(* Under the setting and assumptions of the AIRC closed loop (with $A$ Metzler and Hurwitz, $g_1\neq0$, all parameters positive), let $(z_1^*(\eta),z_2^*(\eta))$ denote the controller components of the unique equilibrium with $z_1^*>0$, i.e. $z_1^*(\eta)$ is the unique positive root of $P_1(z)=\eta g_1k_iz^2+(g_0-r)\eta z-g_nk_p\mu r$ and $z_2^*=\mu/(\eta z_1^* )$. Then, as $\eta\to\infty$: (1) if $r>g_0$, then $(z_1^*,z_2^* )\to\big((r-g_0)/(g_1k_i),\,0\big)$; (2) if $r<g_0$, then $(z_1^*,z_2^* )\to\big(0,\,(g_0-r)/(g_nrk_p)\big)$; (3) if $r=g_0$, then for every $\eta>0$, $z_1^*=\sqrt{\dfrac{g_nk_p\mu r}{\eta g_1k_i}}$ and $z_2^*=\sqrt{\dfrac{\theta g_1k_i}{\eta g_nk_p}}$; in particular both tend to $0$ while $\eta z_1^*z_2^*=\mu$ for all $\eta$.
   Context: Setting: $A\in\mathbb{R}^{n\times n}$ Metzler (nonnegative off-diagonal entries) and Hurwitz stable (all eigenvalues with negative real part), $b_0\in\mathbb{R}^n_{\ge0}$, $\mu,\theta,k_i,k_p,\eta>0$, $r:=\mu/\theta$, $g_1:=-e_n^TA^{-1}e_1$, $g_n:=-e_n^TA^{-1}e_n$, $g_0:=-e_n^TA^{-1}b_0$, with $g_1\ne0$. The closed-loop system is $\dot x=Ax+k_iz_1e_1-k_px_nz_2e_n+b_0$, $\dot z_1=\mu-\eta z_1z_2$, $\dot z_2=\theta x_n-\eta z_1z_2$, and $e_i$ denotes the $i$-th standard basis vector. *)

theory Defs
  imports "HOL-Analysis.Analysis"
begin

text \<open>Indices 1 and n of the state space: the least and the greatest index
of the finite linearly ordered index type.\<close>
definition first_idx :: "'n::{finite,linorder}" where
  "first_idx = Min UNIV"
lemma f_integrand_rescaled_le:
  assumes K: "K \<ge> 0" "\<And>t. t > 0 \<Longrightarrow> \<bar>deriv (deriv a) t / (deriv a t)\<^sup>2\<bar> \<le> K / a t"
    and k: "k > 0" "\<And>\<tau> t. \<tau> \<in> {\<alpha>..\<beta>} \<Longrightarrow> t \<in> {0..\<tau>} \<Longrightarrow> k * (\<tau> - t) \<le> (a \<tau>)\<^sup>2 - (a t)\<^sup>2"
    and \<alpha>: "0 < \<alpha>" and \<tau>: "\<tau> \<in> {\<alpha>..\<beta>}" and st: "0 \<le> s" "s < \<tau>" and x: "x \<in> {0<..<1}"
  shows "\<bar>(\<tau> - s) * f_integrand a \<tau> s (s + (\<tau> - s) * x)\<bar>
    \<le> (\<beta> * (2 * K / a \<alpha>) + sqrt 2 * K * (sqrt \<beta> / sqrt k)) / sqrt (1 - x)"
proof -
  define t where "t = s + (\<tau> - s) * x"
  have t: "s < t" "t < \<tau>" using affine_in_open_segment[OF st(2)] x by (auto simp: t_def)
  define Q where "Q = (a \<tau>)\<^sup>2 - (a t)\<^sup>2"
  have kQ: "k * (\<tau> - s) * (1 - x) \<le> Q"
    using k(2)[OF \<tau>, of t] t st by (simp add: Q_def t_def algebra_simps)
  have y: "0 < a t" "0 \<le> a s" "a s \<le> a t" "a t < a \<tau>" "0 < a \<alpha>" "a \<alpha> \<le> a \<tau>"
    using a_pos[of t] a_nonneg[of s] a_le[of s t] a_less[of t \<tau>] a_pos[of \<alpha>] a_le[of \<alpha> \<tau>] t st \<tau> \<alpha>
    by auto
  define excess where "excess = sqrt ((a \<tau>)\<^sup>2 - (a s)\<^sup>2) / sqrt Q - 1"
  have "0 \<le> excess"
    using y by (simp add: excess_def Q_def le_divide_eq_1 power_mono power_strict_mono)
  have "\<bar>f_integrand a \<tau> s t\<bar> = \<bar>deriv (deriv a) t / (deriv a t)\<^sup>2\<bar> * excess"
    using \<open>0 \<le> excess\<close> by (simp add: f_integrand_def excess_def Q_def abs_mult)
  also have "\<dots> \<le> K / a t * excess"
    using K(2)[of t] t st \<open>0 \<le> excess\<close> by (intro mult_right_mono) auto
  also have "\<dots> \<le> 2 * K / a \<tau> + sqrt 2 * K / sqrt Q"
    unfolding excess_def Q_def using y K by (intro sqrt_ratio_excess_le) auto
  also have "\<dots> \<le> 2 * K / a \<alpha> + sqrt 2 * K / sqrt Q"
    using y K by (simp add: divide_left_mono)
  finally have "(\<tau> - s) * \<bar>f_integrand a \<tau> s t\<bar> \<le> (\<tau> - s) * (2 * K / a \<alpha> + sqrt 2 * K / sqrt Q)"
    using st by (intro mult_left_mono) auto
  also have "\<dots> = (\<tau> - s) * (2 * K / a \<alpha>) + sqrt 2 * K * ((\<tau> - s) / sqrt Q)"
    by (simp add: algebra_simps)
  also have "\<dots> \<le> \<beta> * (2 * K / a \<alpha>) + sqrt 2 * K * (sqrt \<beta> / sqrt k / sqrt (1 - x))"
  proof (rule add_mono)
    show "(\<tau> - s) * (2 * K / a \<alpha>) \<le> \<beta> * (2 * K / a \<alpha>)"
      using st \<tau> K y by (intro mult_right_mono) auto
    show "sqrt 2 * K * ((\<tau> - s) / sqrt Q) \<le> sqrt 2 * K * (sqrt \<beta> / sqrt k / sqrt (1 - x))"
      using K k \<tau> st x kQ by (intro mult_left_mono div_sqrt_le_of_linear_lower_bound) auto
  qed
  also have "\<dots> \<le> (\<beta> * (2 * K / a \<alpha>) + sqrt 2 * K * (sqrt \<beta> / sqrt k)) / sqrt (1 - x)"
  proof -
    have "\<beta> * (2 * K / a \<alpha>) \<le> \<beta> * (2 * K / a \<alpha>) / sqrt (1 - x)"
      using K y \<alpha> \<tau> x by (simp add: le_divide_eq real_sqrt_le_1_iff mult_left_le)
    then show ?thesis by (simp add: add_divide_distrib)
  qed
  finally show ?thesis using st by (simp add: abs_mult t_def)
qed

lemma f_integrand_dominated:
  assumes "p0 \<in> half_wedge"
  shows "\<exists>e>0. \<exists>C. \<forall>p\<in>half_wedge. dist p p0 < e \<longrightarrow> (\<forall>x\<in>{0<..<1}.
    \<bar>(fst p - snd p) * f_integrand a (fst p) (snd p) (snd p + (fst p - snd p) * x)\<bar> \<le> C / sqrt (1 - x))"
proof -
  define \<alpha> \<beta> where "\<alpha> = fst p0 / 2" and "\<beta> = 2 * fst p0"
  have \<alpha>\<beta>: "0 < \<alpha>" "\<alpha> \<le> \<beta>" using assms by (auto simp: \<alpha>_def \<beta>_def half_wedge_def)
  obtain k where k: "k > 0" "\<And>\<tau> t. \<tau> \<in> {\<alpha>..\<beta>} \<Longrightarrow> t \<in> {0..\<tau>} \<Longrightarrow> k * (\<tau> - t) \<le> (a \<tau>)\<^sup>2 - (a t)\<^sup>2"
    using sq_diff_ge_linear[OF \<alpha>\<beta>] by blast
  obtain K where K: "K \<ge> 0" "\<And>t. t > 0 \<Longrightarrow> \<bar>deriv (deriv a) t / (deriv a t)\<^sup>2\<bar> \<le> K / a t"
    using acceleration_bound by blast
  define C where "C = \<beta> * (2 * K / a \<alpha>) + sqrt 2 * K * (sqrt \<beta> / sqrt k)"
  have "\<bar>(fst p - snd p) * f_integrand a (fst p) (snd p) (snd p + (fst p - snd p) * x)\<bar>
      \<le> C / sqrt (1 - x)"
    if "p \<in> half_wedge" "dist p p0 < \<alpha>" "x \<in> {0<..<1}" for p x
    using f_integrand_rescaled_le[OF K k \<alpha>\<beta>(1)
        fst_mem_if_dist_less[OF that(2)[unfolded \<alpha>_def], folded \<alpha>_def \<beta>_def]]
      that unfolding C_def by (simp add: half_wedge_def)
  then show ?thesis using \<alpha>\<beta> by blast
qed

lemma continuous_on_f: "continuous_on wedge (\<lambda>p. f a (fst p) (snd p))"
proof -
  have "continuous_on half_wedge (\<lambda>p. f_pos a (fst p) (snd p))"
    using continuous_on_integral_segment_dominated[where F = "\<lambda>p. f_integrand a (fst p) (snd p)",
        OF _ continuous_on_f_integrand f_integrand_dominated]
    by (simp add: half_wedge_def f_pos_eq_integral)
  from continuous_on_wedge_reflect[OF this] show ?thesis
    by (rule continuous_on_eq) (simp add: f_def)
qed

end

▶ WHAT IS REQUIRED: Copy each line from the entries above that has the word "finite" in it.

▶ WRITTEN SOLUTION:
of the finite linearly ordered index type.\<close>
definition first_idx :: "'n::{finite,linorder}" where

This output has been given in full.